E chissà, se come spesso succede, dovremmo assistere all’ennesimo suicidio per continuare a dire: “si poteva fare”, “bisognava intervenire subito”…

Parole, parole dette senza pensarle, parole pronunciate per illudere il popolo che stanno dalla parte della gente. E i fatti, i fatti dove sono?

Perché dietro l’ennesima morte annunciata le loro coscienze dovrebbero accartocciarsi per sempre come carta sul fuoco.

Però, loro non sanno che il vuoto normativo è una minima cosa di fronte al vuoto delle loro anime.

Aspettiamo la prossima tragedia, conosciamo già tutti i discorsi che verranno fatti, le menzogne che ci verranno raccontate, e noi, noi speriamo solo di poter sensibilizzare la gente, le persone sul valore della vita.

Sarà  forse difficile ma non impossibile educarli a non giocare con il dolore e le vite altrui.

Ci si può provare con la speranza di chi crede che ci possa essere un futuro migliore.

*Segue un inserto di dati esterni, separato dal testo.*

lemma trace_in_Fq: "Tr x \<in> Fq"
proof -
  have "Tr x ^ q = Tr (x ^ q)"
    using sum_power_q_power[of "\<lambda>j. x ^ (q ^ j)" "{..<n}" 1]
    by (simp add: Tr_def trace_map_def flip: power_mult) (simp add: mult.commute)
  then show ?thesis
    by (simp add: subfield_of_order_def trace_power_q)
qed

lemma card_trace_kernel_le: "card {x::'a. Tr x = 0} \<le> q ^ (n - 1)"
proof (rule card_le_if_power_sum_vanishes_on[of "{..<n}" "\<lambda>j. q ^ j" "n - 1" "\<lambda>_. 1"])
  show "inj_on (\<lambda>j. q ^ j) {..<n}"
    using q_ge_2 by (simp add: inj_on_def power_inject_exp)
  show "\<forall>j\<in>{..<n}. q ^ j \<le> q ^ (n - 1)"
    using q_ge_2 by (auto intro: power_increasing)
  show "\<forall>x\<in>{x. Tr x = 0}. (\<Sum>j<n. 1 * x ^ (q ^ j)) = 0"
    by (simp add: Tr_def trace_map_def)
qed (use n_pos in auto)

lemma card_Fq_le: "card Fq \<le> q"
proof (rule card_le_if_power_sum_vanishes_on[of "{1, q}" id q "\<lambda>j. if j = q then 1 else -1"])
  show "\<forall>x\<in>Fq. (\<Sum>j\<in>{1, q}. (if j = q then 1 else -1) * x ^ id j) = 0"
    using q_ge_2 by (simp add: subfield_of_order_def)
qed (use q_ge_2 in auto)

lemma range_trace: "range Tr = Fq" and card_Fq: "card Fq = q"
proof -
  have "q * q ^ (n - 1) = card (UNIV :: 'a set)"
    using card_UNIV n_pos by (simp flip: power_Suc)
  also have "\<dots> \<le> card (range Tr) * card {x. Tr x = 0}"
    using trace_add by (rule card_UNIV_le_card_range_mult_card_kernel)
  also have "\<dots> \<le> card (range Tr) * q ^ (n - 1)"
    using card_trace_kernel_le by simp
  finally have "q \<le> card (range Tr)"
    using q_ge_2 by simp
  moreover have sub: "range Tr \<subseteq> Fq"
    using trace_in_Fq by auto
  then have "card (range Tr) \<le> card Fq"
    by (intro card_mono) auto
  ultimately have "card (range Tr) = q" and "card Fq = q"
    using card_Fq_le by linarith+
  then show "card Fq = q" and "range Tr = Fq"
    using sub by (simp_all add: card_subset_eq)
qed

lemma trace_scaled_surj:
  assumes "v \<noteq> 0" and "k \<in> Fq"
  obtains x where "Tr (x * v) = k"
proof -
  obtain y where "Tr y = k"
    using assms(2) range_trace by (metis rangeE)
  with assms(1) show ?thesis
    by (intro that[of "y / v"]) simp
qed

lemma qlin_sum_on_Fq_in_Fq2_iff:
  fixes b :: "nat \<Rightarrow> nat \<Rightarrow> 'a"
  shows "(\<forall>k\<in>Fq. (\<Sum>i<m. qlin_poly q n (b i) (k ^ 2 ^ i)) \<in> Fq2)
     \<longleftrightarrow> (\<forall>i<m. qlin_poly q n (b i) 1 \<in> Fq2)"
proof -
  define C where "C i = qlin_poly q n (b i) 1" for i
  have Fq2_iff: "x \<in> Fq2 \<longleftrightarrow> x ^ (q ^ 2) + x = 0" for x
    by (simp add: subfield_of_order_def add_eq_0_iff_eq)
  have "(\<Sum>i<m. qlin_poly q n (b i) (k ^ 2 ^ i)) ^ (q ^ 2) + (\<Sum>i<m. qlin_poly q n (b i) (k ^ 2 ^ i))
      = (\<Sum>i<m. (C i ^ (q ^ 2) + C i) * k ^ 2 ^ i)" if "k \<in> Fq" for k
  proof -
    have "k ^ 2 ^ i \<in> Fq2" for i
      using Fq_power Fq_subset_Fq2 that by blast
    moreover have "qlin_poly q n (b i) (k ^ 2 ^ i) = C i * k ^ 2 ^ i" for i
      using Fq_power[OF that, of "2 ^ i"]
      by (subst qlin_poly_fixed_point) (simp_all add: C_def subfield_of_order_def mult.commute)
    ultimately show ?thesis
      by (simp add: sum_power_q_power power_mult_distrib subfield_of_order_def
          distrib_right sum.distrib)
  qed
  then have "(\<forall>k\<in>Fq. (\<Sum>i<m. qlin_poly q n (b i) (k ^ 2 ^ i)) \<in> Fq2)
      \<longleftrightarrow> (\<forall>k\<in>Fq. (\<Sum>i<m. (C i ^ (q ^ 2) + C i) * k ^ 2 ^ i) = 0)"
    by (simp add: Fq2_iff)
  also have "\<dots> \<longleftrightarrow> (\<forall>i<m. C i ^ (q ^ 2) + C i = 0)"
  proof
    assume vanish: "\<forall>k\<in>Fq. (\<Sum>i<m. (C i ^ (q ^ 2) + C i) * k ^ 2 ^ i) = 0"
    show "\<forall>i<m. C i ^ (q ^ 2) + C i = 0"
    proof (intro allI impI)
      fix i assume "i < m"
      have "\<forall>j\<in>{..<m}. 2 ^ j < card Fq"
        using card_Fq by (simp add: q_def)
      with vanish \<open>i < m\<close> show "C i ^ (q ^ 2) + C i = 0"
        by (intro power_sum_vanishing_on_imp_coeff_eq_0[where e = "\<lambda>j. 2 ^ j" and I = "{..<m}"])
          (auto simp: inj_on_def)
    qed
  qed simp
  finally show ?thesis
    by (simp add: C_def Fq2_iff)
qed

definition polar :: "'a \<Rightarrow> 'a" where
  "polar d = d ^ q + d ^ (q ^ (n - 1))"

lemma trace_power_Suc_q_add:
  "Tr ((x + d) ^ (q + 1)) = Tr (x ^ (q + 1)) + Tr (d ^ (q + 1)) + Tr (x * polar d)"
proof -
  have "(x * d ^ (q ^ (n - 1))) ^ q = x ^ q * d"
    using power_q_power_pred_n_q[of d] by (simp add: power_mult_distrib)
  then have "Tr (x ^ q * d) = Tr (x * d ^ (q ^ (n - 1)))"
    using trace_power_q by metis
  moreover have "(x + d) ^ (q + 1) = x ^ (q + 1) + d ^ (q + 1) + x ^ q * d + x * d ^ q"
    using add_power_q_power[of x d 1] by (simp add: algebra_simps)
  ultimately show ?thesis
    by (simp add: polar_def trace_add algebra_simps)
qed

end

Però, quando si commette un reato e si è certi dell’assenza della pena, la popolazione sarà sempre incentivata a ripetere quel reato, e altri ancora perché in fondo non si diventa onesti e responsabili per un dono insito in se stessi quanto per la paura di essere scoperti ed arrestati.

Siamo un popolo senza senso civico e morale.

Ditelo voi alle vittime che nulla è stato fatto e nulla verrà mai fatto per difenderle.

Raccontatevi voi la verità che più vi aggrada.

Io sento dentro ogni lacerante brusio del cuore, il dolore, la vergogna e quei voli nel vuoto per far cessare questo mondo malato che gira attorno a loro.

Io sento il boato di un tuffo sull’asfalto e questo, questo mi fa inorridire.

Se solo voi sentiste ciò che sento io, vivremmo tutti in un mondo migliore.

Che quel tonfo sull’asfalto e quell’urlo che sancisce la fine della vita, sia ogni notte l’immagine e il suono che possa accompagnare le notti di ogni singolo responsabile.

E per chi mi taccerà di cattiveria dirò che non voglio un briciolo della loro finta bontà.